Learning from replay.

a. Sleep increased the likelihood of reactivating the learned sequence in the correct temporal order in CMR-replay, as seen in an increase in the proportion of replay for learned sequences post-sleep. b. Sleep leads to greater reactivation of rewarded than non-rewarded experiences, indicating that sleep preferentially strengthens rewarded memories in CMR-replay. c. In the simulation of Liu et al. [9], CMR-replay encoded six sequences, each of which transitioned from one of three start items to one of two end items. After receiving a reward outcome for the end item of a sequence, we simulated a period of rest. After but not before rest, CMR-replay exhibited a preference for non-local sequences that led to the rewarded item. This preference emerged through rest despite the fact that the model never observed reward in conjunction with those non-local sequences, suggesting that rest replay facilitates non-local learning in the model. d. We trained a “teacher” CMR-replay model on a sequence of items. After encoding the sequence, the teacher generated replay sequences during sleep. We then trained a separate blank-slate “student” CMR-replay model exclusively on the teacher’s sleep replay sequences. To assess knowledge of the original sequence, we collected sleep replay sequences from both models, and assessed the probability that each model reactivates the item at position i + lag of the sequence immediately following the reactivation of the i-th item of the sequence, conditioned on the availability of the i-th item for reactivation. Both models demonstrated a tendency to reactivate the item that immediately follows or precedes the just-reactivated item on the original sequence.
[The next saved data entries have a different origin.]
(* Let $\alpha\in(0,1]$ and $\lambda\in\mathbb{C}$ with $\operatorname{Re}\lambda>-1$ and $\lambda\notin\{0,1\}$. Then there is no nontrivial $\psi\in C^\infty[0,1]$ solving \[ z(1-z)\psi''(z)+\big(\lambda-\sqrt{1-\alpha}-2\lambda z\big)\psi'(z)-\lambda(\lambda-1)\psi(z)=0 . \] In particular, $U_{\alpha,\infty,\kappa}$ is mode-stable: every $\lambda\in\mathbb{C}$ for which there exists $0\ne\phi\in C^\infty[-1,1]$ with \[ \Big(\lambda^2+\lambda-\frac{2\alpha\lambda}{1+\sqrt{1-\alpha}\,y}\Big)\phi+\Big(2\lambda+2-\frac{2\alpha}{1+\sqrt{1-\alpha}\,y}\Big)y\,\phi'+(y^2-1)\phi''=0 \] satisfies either $\operatorname{Re}\lambda<0$ or $\lambda\in\{0,1\}$.
   Context: The hypergeometric ODE is obtained from $(y^2-1)\phi''+(2\lambda y+2\sqrt{1-\alpha})\phi'+(\lambda^2-\lambda)\phi=0$ on $[-1,1]$ via $y=2z-1$, $\phi(y)=\psi(z)$. $U_{\alpha,\infty,\kappa}(s,y)=\alpha s-\alpha\ln(1+\sqrt{1-\alpha}y)+\kappa$; its linearised operator's eigenvalues are the $\lambda$ for which the second displayed ODE has a nonzero smooth solution on $[-1,1]$, and mode-stability means each such eigenvalue has negative real part or equals $0$ or $1$. *)

theory Defs
  imports "HOL-Analysis.Analysis"
begin

definition dwithin :: "real set \<Rightarrow> (real \<Rightarrow> complex) \<Rightarrow> real \<Rightarrow> complex" where
  "dwithin S f x = vector_derivative f (at x within S)"

definition C_inf_on :: "real set \<Rightarrow> (real \<Rightarrow> complex) \<Rightarrow> bool" where
  "C_inf_on S f \<longleftrightarrow> (\<exists>D. D 0 = f \<and>
      (\<forall>n. \<forall>x\<in>S. (D n has_vector_derivative D (Suc n) x) (at x within S)))"

end

theory Submission
  imports Defs
begin

text \<open>
  For the hypergeometric equation with parameters \<open>(a, b, c)\<close>, the \<open>k\<close>-th derivative \<open>D\<^sub>k\<close> of a smooth
  solution solves the equation with parameters \<open>(a + k, b + k, c + k)\<close>. For large \<open>k\<close> the Pearson
  weight \<open>w = z\<^bsup>c+k-1\<^esup> (1 - z)\<^bsup>a+b-c+k\<^esup>\<close> is continuous on \<open>[0, 1]\<close> and makes the operator symmetric,
  so the moments of \<open>w D\<^sub>k\<close> obey a two-term recursion starting from \<open>0\<close>, and \<open>D\<^sub>k = 0\<close> by Weierstrass
  approximation. Going back down, \<open>(a + j) (b + j) D\<^sub>j\<close> is a combination of \<open>D\<^sub>j\<^sub>+\<^sub>1\<close> and \<open>D\<^sub>j\<^sub>+\<^sub>2\<close>, and
  for \<open>a = \<lambda> - 1\<close>, \<open>b = \<lambda>\<close> these factors vanish only if \<open>\<lambda>\<close> is \<open>0\<close>, \<open>1\<close> or a negative integer.

  For the mode equation, with \<open>s = sqrt (1 - \<alpha>)\<close>, the ladder operator
  \<open>\<phi> \<mapsto> (1 + s y)\<^bsup>1-\<lambda>\<^esup> ((1 + s y)\<^sup>\<lambda> \<phi>)'\<close> maps solutions for \<open>\<lambda>\<close> to solutions for \<open>\<lambda> + 1\<close>.
  When \<open>Re \<lambda> \<ge> 0\<close>, two steps reach \<open>\<mu> = \<lambda> + 2\<close> with \<open>Re \<mu> > 1 + s\<close>. There the substitution
  \<open>y = (2z - 1 - s) / (1 + s - 2sz)\<close> together with the factor \<open>(1 + s - 2sz)\<^bsup>-\<mu>\<^esup>\<close> turns the mode
  equation into the hypergeometric one with parameters \<open>(\<mu> - 1, \<mu>, \<mu> - s)\<close>, for which two
  derivatives already suffice for the weighted argument. Going back down, a solution annihilated by
  the ladder operator has \<open>(1 + s y) \<phi>' = - s \<lambda> \<phi>\<close>, which reduces the mode equation to
  \<open>\<alpha> \<lambda> (\<lambda> - 1) \<phi> = 0\<close>.
\<close>

section \<open>Smooth functions on a closed interval\<close>

definition deriv_seq_on :: "real set \<Rightarrow> (nat \<Rightarrow> real \<Rightarrow> complex) \<Rightarrow> bool" where
  "deriv_seq_on S D \<longleftrightarrow> (\<forall>n. \<forall>x\<in>S. (D n has_vector_derivative D (Suc n) x) (at x within S))"

lemma C_inf_on_iff_deriv_seq_on: "C_inf_on S f \<longleftrightarrow> (\<exists>D. D 0 = f \<and> deriv_seq_on S D)"
  by (simp add: C_inf_on_def deriv_seq_on_def)

lemma deriv_seq_onD:
  "deriv_seq_on S D \<Longrightarrow> x \<in> S \<Longrightarrow> (D n has_vector_derivative D (Suc n) x) (at x within S)"
  by (simp add: deriv_seq_on_def)

lemma deriv_seq_on_continuous: "deriv_seq_on S D \<Longrightarrow> continuous_on S (D n)"
  by (meson continuous_on_vector_derivative deriv_seq_onD)

lemma deriv_seq_on_interior:
  assumes "deriv_seq_on {a..b} D" and "x \<in> {a<..<b}"
  shows "(D n has_vector_derivative D (Suc n) x) (at x)"
proof -
  have "at x within {a..b} = at x"
    using assms(2) by (intro at_within_interior) simp
  then show ?thesis
    using deriv_seq_onD[OF assms(1), of x n] assms(2) by simp
qed

lemma has_vector_derivative_eq_0_if_vanishing:
  fixes F :: "real \<Rightarrow> complex"
  assumes "a < b" and "x \<in> {a..b}" and "\<forall>y\<in>{a..b}. F y = 0"
    and "(F has_vector_derivative F') (at x within {a..b})"
  shows "F' = 0"
proof -
  have "(F has_vector_derivative 0) (at x within {a..b})"
    by (rule has_vector_derivative_transform_within[of "\<lambda>_. 0" _ _ _ 1]) (use assms in auto)
  then show ?thesis
    using vector_derivative_unique_within_closed_interval[of a b x F F' 0] assms by simp
qed

lemma dwithin_deriv_seq_on:
  assumes ab: "a < b" and D: "deriv_seq_on {a..b} D" and x: "x \<in> {a..b}"
  shows "dwithin {a..b} (D 0) x = D (Suc 0) x"
    and "dwithin {a..b} (dwithin {a..b} (D 0)) x = D (Suc (Suc 0)) x"
proof -
  have D1: "dwithin {a..b} (D 0) y = D (Suc 0) y" if "y \<in> {a..b}" for y
    unfolding dwithin_def
    by (rule vector_derivative_within_closed_interval[OF ab that deriv_seq_onD[OF D that]])
  then show "dwithin {a..b} (D 0) x = D (Suc 0) x"
    using x by simp
  have "(dwithin {a..b} (D 0) has_vector_derivative D (Suc (Suc 0)) x) (at x within {a..b})"
    by (rule has_vector_derivative_transform_within[of "D (Suc 0)" _ _ _ 1])
       (use deriv_seq_onD[OF D x] x D1 in auto)
  then show "dwithin {a..b} (dwithin {a..b} (D 0)) x = D (Suc (Suc 0)) x"
    unfolding dwithin_def[of _ "dwithin {a..b} (D 0)"]
    by (rule vector_derivative_within_closed_interval[OF ab x])
qed

section \<open>Weighted integrals of hypergeometric solutions\<close>

definition hypergeometric_op ::
    "complex \<Rightarrow> complex \<Rightarrow> complex \<Rightarrow> real \<Rightarrow> complex \<Rightarrow> complex \<Rightarrow> complex \<Rightarrow> complex" where
  "hypergeometric_op a b c z f f' f'' =
     of_real (z * (1 - z)) * f'' + (c - (a + b + 1) * of_real z) * f' - a * b * f"

definition hypergeometric_solution ::
    "complex \<Rightarrow> complex \<Rightarrow> complex \<Rightarrow> (real \<Rightarrow> complex) \<Rightarrow> (real \<Rightarrow> complex) \<Rightarrow> (real \<Rightarrow> complex) \<Rightarrow> bool" where
  "hypergeometric_solution a b c f f' f'' \<longleftrightarrow>
     continuous_on {0..1} f \<and> continuous_on {0..1} f' \<and>
     (\<forall>z\<in>{0<..<1}. (f has_vector_derivative f' z) (at z) \<and> (f' has_vector_derivative f'' z) (at z) \<and>
        hypergeometric_op a b c z (f z) (f' z) (f'' z) = 0)"

text \<open>Lagrange's identity: the hypergeometric operator is formally self-adjoint with respect to any
  weight solving the Pearson equation \<open>w' = w ((c-1)/z - (a+b-c)/(1-z))\<close>.\<close>

lemma hypergeometric_op_Lagrange_identity:
  fixes w f g :: "real \<Rightarrow> complex"
  assumes z: "z \<in> {0<..<1}"
    and w': "(w has_vector_derivative w z * ((c - 1) / of_real z - (a + b - c) / of_real (1 - z))) (at z)"
    and f: "(f has_vector_derivative f' z) (at z)" "(f' has_vector_derivative f'' z) (at z)"
    and g: "(g has_vector_derivative g' z) (at z)" "(g' has_vector_derivative g'' z) (at z)"
    and eq: "hypergeometric_op a b c z (f z) (f' z) (f'' z) = 0"
  shows "((\<lambda>z. of_real (z * (1 - z)) * w z * (f z * g' z - f' z * g z)) has_vector_derivative
      w z * f z * hypergeometric_op a b c z (g z) (g' z) (g'' z)) (at z)"
proof -
  define X Q R C where "X = complex_of_real (z * (1 - z))"
    and "Q = (c - 1) / of_real z - (a + b - c) / of_real (1 - z)"
    and "R = complex_of_real (1 - 2 * z)" and "C = c - (a + b + 1) * of_real z"
  have "((\<lambda>z. complex_of_real (z * (1 - z))) has_vector_derivative R) (at z)"
    unfolding R_def by (auto intro!: derivative_eq_intros)
  then have "((\<lambda>z. of_real (z * (1 - z)) * w z * (f z * g' z - f' z * g z)) has_vector_derivative
      X * w z * ((f z * g'' z + f' z * g' z) - (f' z * g' z + f'' z * g z))
      + (X * (w z * Q) + R * w z) * (f z * g' z - f' z * g z)) (at z)"
    unfolding Q_def X_def by (intro has_vector_derivative_mult has_vector_derivative_diff f g w')
  moreover have "X * w z * ((f z * g'' z + f' z * g' z) - (f' z * g' z + f'' z * g z))
      + (X * (w z * Q) + R * w z) * (f z * g' z - f' z * g z)
    = w z * f z * (X * g'' z + C * g' z - a * b * g z)
      - w z * g z * (X * f'' z + C * f' z - a * b * f z)
      + w z * (f z * g' z - f' z * g z) * (X * Q + R - C)"
    by (simp add: algebra_simps)
  moreover have "X * Q + R = C"
    using z by (simp add: X_def Q_def R_def C_def field_simps)
  ultimately show ?thesis
    using eq by (simp add: hypergeometric_op_def X_def C_def)
qed

lemma hypergeometric_op_weighted_integral_eq_0:
  fixes w g g' g'' :: "real \<Rightarrow> complex"
  assumes sol: "hypergeometric_solution a b c f f' f''"
    and w: "continuous_on {0..1} w"
    and w': "\<And>z. z \<in> {0<..<1} \<Longrightarrow>
               (w has_vector_derivative w z * ((c - 1) / of_real z - (a + b - c) / of_real (1 - z))) (at z)"
    and g': "\<And>z. (g has_vector_derivative g' z) (at z)"
    and g'': "\<And>z. (g' has_vector_derivative g'' z) (at z)"
  shows "((\<lambda>z. w z * f z * hypergeometric_op a b c z (g z) (g' z) (g'' z)) has_integral 0) {0..1}"
proof -
  define H where "H z = of_real (z * (1 - z)) * w z * (f z * g' z - f' z * g z)" for z
  have "continuous_on {0..1} g" "continuous_on {0..1} g'"
    using g' g'' continuous_on_vector_derivative has_vector_derivative_at_within by blast+
  with sol w have "continuous_on {0..1} H"
    unfolding H_def hypergeometric_solution_def by (intro continuous_intros) auto
  moreover have "(H has_vector_derivative w z * f z * hypergeometric_op a b c z (g z) (g' z) (g'' z)) (at z)"
    if "z \<in> {0<..<1}" for z
    using sol that unfolding H_def[abs_def] hypergeometric_solution_def
    by (intro hypergeometric_op_Lagrange_identity w' g' g'') auto
  ultimately have "((\<lambda>z. w z * f z * hypergeometric_op a b c z (g z) (g' z) (g'' z)) has_integral H 1 - H 0) {0..1}"
    by (intro fundamental_theorem_of_calculus_interior) auto
  then show ?thesis
    by (simp add: H_def)
qed

lemma hypergeometric_op_monomial:
  "hypergeometric_op a b c z (of_real (z ^ Suc m)) (of_nat (Suc m) * of_real (z ^ m))
       (of_nat (Suc m) * of_nat m * of_real (z ^ (m - 1)))
     = of_nat (Suc m) * (of_nat m + c) * of_real (z ^ m)
       - (of_nat (Suc m) + a) * (of_nat (Suc m) + b) * of_real (z ^ Suc m)"
  by (cases m) (simp_all add: hypergeometric_op_def algebra_simps)
lemma cayley_graph:
  assumes D: "D \<subseteq> {1..<n}" "\<And>d. d \<in> D \<Longrightarrow> n - d \<in> D"
  shows "simple_graph {0..<n} (graph_of n (cayley n D))"
    and "\<forall>v<n. degree (graph_of n (cayley n D)) v = card D"
proof -
  have irrefl: "\<not> cayley n D u u" if "u < n" for u
    using that D(1) by (auto simp: cayley_def)
  then show "simple_graph {0..<n} (graph_of n (cayley n D))"
    by (rule simple_graph_graph_of)
  show "\<forall>v<n. degree (graph_of n (cayley n D)) v = card D"
  proof (intro allI impI)
    fix v
    assume "v < n"
    have "degree (graph_of n (cayley n D)) v = card {w. w < n \<and> cayley n D v w}"
      using degree_graph_of[of n "cayley n D" v] cayley_sym[OF D] irrefl \<open>v < n\<close> by blast
    also have "\<dots> = card D"
      using D(1) by (intro card_cayley_neighbours) auto
    finally show "degree (graph_of n (cayley n D)) v = card D" .
  qed
qed

definition circulant_offsets :: "nat \<Rightarrow> nat \<Rightarrow> nat set" where
  "circulant_offsets n h = {1..h} \<union> {n - h..<n}"

lemma circulant_offsets:
  assumes "2 * h < n"
  shows "circulant_offsets n h \<subseteq> {1..<n}"
    and "\<And>d. d \<in> circulant_offsets n h \<Longrightarrow> n - d \<in> circulant_offsets n h"
    and "card (circulant_offsets n h) = 2 * h"
proof -
  show "circulant_offsets n h \<subseteq> {1..<n}" "\<And>d. d \<in> circulant_offsets n h \<Longrightarrow> n - d \<in> circulant_offsets n h"
    using assms by (auto simp: circulant_offsets_def)
  have "{1..h} \<inter> {n - h..<n} = {}"
    using assms by auto
  then show "card (circulant_offsets n h) = 2 * h"
    using assms unfolding circulant_offsets_def by (simp add: card_Un_disjoint)
qed

section \<open>The extremal graphs\<close>

lemma ex_regular_graph_mu_le:
  assumes "even k" "k < n"
  shows "\<exists>E. simple_graph {0..<n} E \<and> (\<forall>v<n. degree E v = k) \<and> mu {0..<n} E \<le> k"
proof -
  have "2 * (k div 2) < n"
    using assms by simp
  note offsets = circulant_offsets[OF this]
  note circulant = cayley_graph[OF offsets(1,2)]
  show ?thesis
    using circulant offsets(3) mu_le_degree[OF circulant(1), of 0] assms by auto
qed

definition shifted_cycle :: "nat \<Rightarrow> nat \<Rightarrow> nat \<Rightarrow> nat \<Rightarrow> bool" where
  "shifted_cycle q p u v \<longleftrightarrow> q \<le> u \<and> q \<le> v \<and> cayley p (circulant_offsets p 1) (u - q) (v - q)"

lemma shifted_cycle:
  assumes "2 < p"
  shows "\<And>u v. u < q + p \<Longrightarrow> v < q + p \<Longrightarrow> shifted_cycle q p u v \<Longrightarrow> shifted_cycle q p v u"
    and "\<And>u. u < q + p \<Longrightarrow> \<not> shifted_cycle q p u u"
    and "\<And>u. card {j. j < p \<and> shifted_cycle q p u (q + j)} = (if u < q then 0 else 2)"
proof -
  note offsets = circulant_offsets[of 1 p]
  show "shifted_cycle q p v u" if "u < q + p" "v < q + p" "shifted_cycle q p u v" for u v
    using that cayley_sym[OF offsets(1,2), of "u - q" "v - q"] assms by (auto simp: shifted_cycle_def)
  show "\<not> shifted_cycle q p u u" if "u < q + p" for u
    using that assms by (auto simp: shifted_cycle_def cayley_def circulant_offsets_def)
  show "card {j. j < p \<and> shifted_cycle q p u (q + j)} = (if u < q then 0 else 2)" for u
    using card_cayley_neighbours[of "circulant_offsets p 1" p "u - q"] offsets(1,3) assms
    by (fastforce simp: shifted_cycle_def)
qed

lemma card_graph_of_shifted_cycle:
  assumes "2 < p"
  shows "card (graph_of (q + p) (shifted_cycle q p)) = p"
proof -
  note cycle = shifted_cycle[OF assms]
  have "2 * card (graph_of (q + p) (shifted_cycle q p))
      = (\<Sum>u<q + p. card {v. v < q + p \<and> shifted_cycle q p u v})"
    using cycle(1,2) by (rule card_graph_of)
  also have "\<dots> = (\<Sum>u<q + p. if u < q then 0 else 2)"
  proof (rule sum.cong)
    fix u
    have "{v. v < q \<and> shifted_cycle q p u v} = {}"
      by (auto simp: shifted_cycle_def)
    then show "card {v. v < q + p \<and> shifted_cycle q p u v} = (if u < q then 0 else 2)"
      using card_less_add_split[of q p "shifted_cycle q p u"] cycle(3)[of q u]
      by (simp only: card.empty add_0)
  qed simp
  also have "\<dots> = 2 * p"
    by (simp add: sum_less_add_split)
  finally show ?thesis
    by simp
qed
This result suggests that the student acquired knowledge of the temporal structure of original sequence by encoding only the teacher’s replay sequences. Error bars show ± 1 SEM.

Task simulations.

Each enclosed box corresponds to a unique item. Each arrow represents a valid transition between two items. Each dashed arrow represents a distractor that causes a drift in context between two items. Task sequences initiate at light grey boxes. Dark grey boxes represent salient items in each task. For tasks with multiple valid sequences, the order in which sequences are presented is randomized. a. Simulation of a linear track. b. Simulation of the task in Liu et al. [9]. c. Simulation of a two-choice T-maze. d. Simulation of a T-maze. e. Simulation of the task in Bendor and Wilson [34]. f. Simulation of a linear track task with distinct directions of travel. g. Simulation of input sequences in Liu et al. [21]. h. Simulation of a fix-item sequence.